This evening I stayed home, owing to bad weather and severe back pain that made any movement nearly impossible. Apparently, I can keep the pain at bay when reluctantly I resort to some prescription pain killer, and repeat the process about every five hours. My brother four years my junior is confined to a wheelchair, and I am going to do my best to keep moving by whatever means necessary until I lie down and die. There is work to be done on every front (e.g., The Voice of Truth International, Gospel Gazette Online and other literature and books to format for publishing, lessons to write, etc.) prior to my departure on January 30, Lord willing for five weeks in Guyana, South America. The e-tickets have been purchased, and all systems are go, as long as I succeed at pain management.

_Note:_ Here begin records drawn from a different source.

(* Let I = (x_1,...,x_r) and let J be the ideal of S generated by a set Gm of square free
   monomials of degree >= 2, such that x_i x_j lies in J whenever i <= r < j (this is what the
   hypothesis on the square free degree-2 monomials of I outside J says).

   A polynomial lies in the monomial ideal J iff each of its monomials is divisible by a
   generator; most arguments below split a polynomial into its part inside J and the rest.

   depth >= 1:  f = x_1 + ... + x_r is I/J-regular.  If f u is in J and u0 is the part of u
   outside J, take a monomial mu of u0 with maximal exponent of a variable x_i dividing it; then
   x_i mu survives in f u0, so a generator g divides x_i mu, and since g is square free, g divides
   mu, a contradiction.  Moreover x_1 is not in J + fI, for degree reasons.

   depth <= 1:  for a regular pair f1, f2, split f_k into its part in K[x_1..x_r] and the rest;
   the rest multiplies I into J.  This yields f2 a in J + f1 I for the first part a of f1, hence
   a = j + f1 v, so a - a v is in J, and a graded Nakayama argument (minimal-degree monomials)
   gives a in J.  Then f1 x_1 is in J, so x_1 is in J, which is impossible. *)

definition mdvd :: "(nat \<Rightarrow>\<^sub>0 nat) \<Rightarrow> (nat \<Rightarrow>\<^sub>0 nat) \<Rightarrow> bool" where
  "mdvd g m \<longleftrightarrow> (\<forall>i. Poly_Mapping.lookup g i \<le> Poly_Mapping.lookup m i)"

lemma mdvd_trans: "mdvd a b \<Longrightarrow> mdvd b c \<Longrightarrow> mdvd a c"
  unfolding mdvd_def by (meson order_trans)

lemma mdvd_add_right: "mdvd g x \<Longrightarrow> mdvd g (x + y)"
  unfolding mdvd_def by (metis lookup_add trans_le_add1)

lemma mdvd_var: "mdvd (Poly_Mapping.single i 1) \<mu> \<longleftrightarrow> 0 < Poly_Mapping.lookup \<mu> i"
  unfolding mdvd_def by (auto simp: lookup_single when_def)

My blog is essentially “my dear diary” and self-inflicted therapy, I suppose. Yet, it does help me keep my friends, family, Christian brethren, encouragers and supports abreast of happenings related to me and efforts put forth respecting the cause of Christ. In any case, the price is right for a personal outlet and may serve some other purpose as well.

Busy Days

December 11, 2015

96 dpi 4x6 truck driver and palletYesterday (12/10/15) the main focus of the day for us in Winona, MS was the arrival of thousands of pieces of literature (i.e., The Voice of Truth International #86, books and tracts). Volunteers from the Huntsville Church of Christ outside French Camp, MS and from the West President Church of Christ in Greenwood, MS were on hand to help unload the truck and place the items in the various locations where they were to go in the warehouse. The brethren who helped us do that also assisted in some additional areas (i.e., stuffing envelopes with copies of The Voice of Truth International for mailing, etc.).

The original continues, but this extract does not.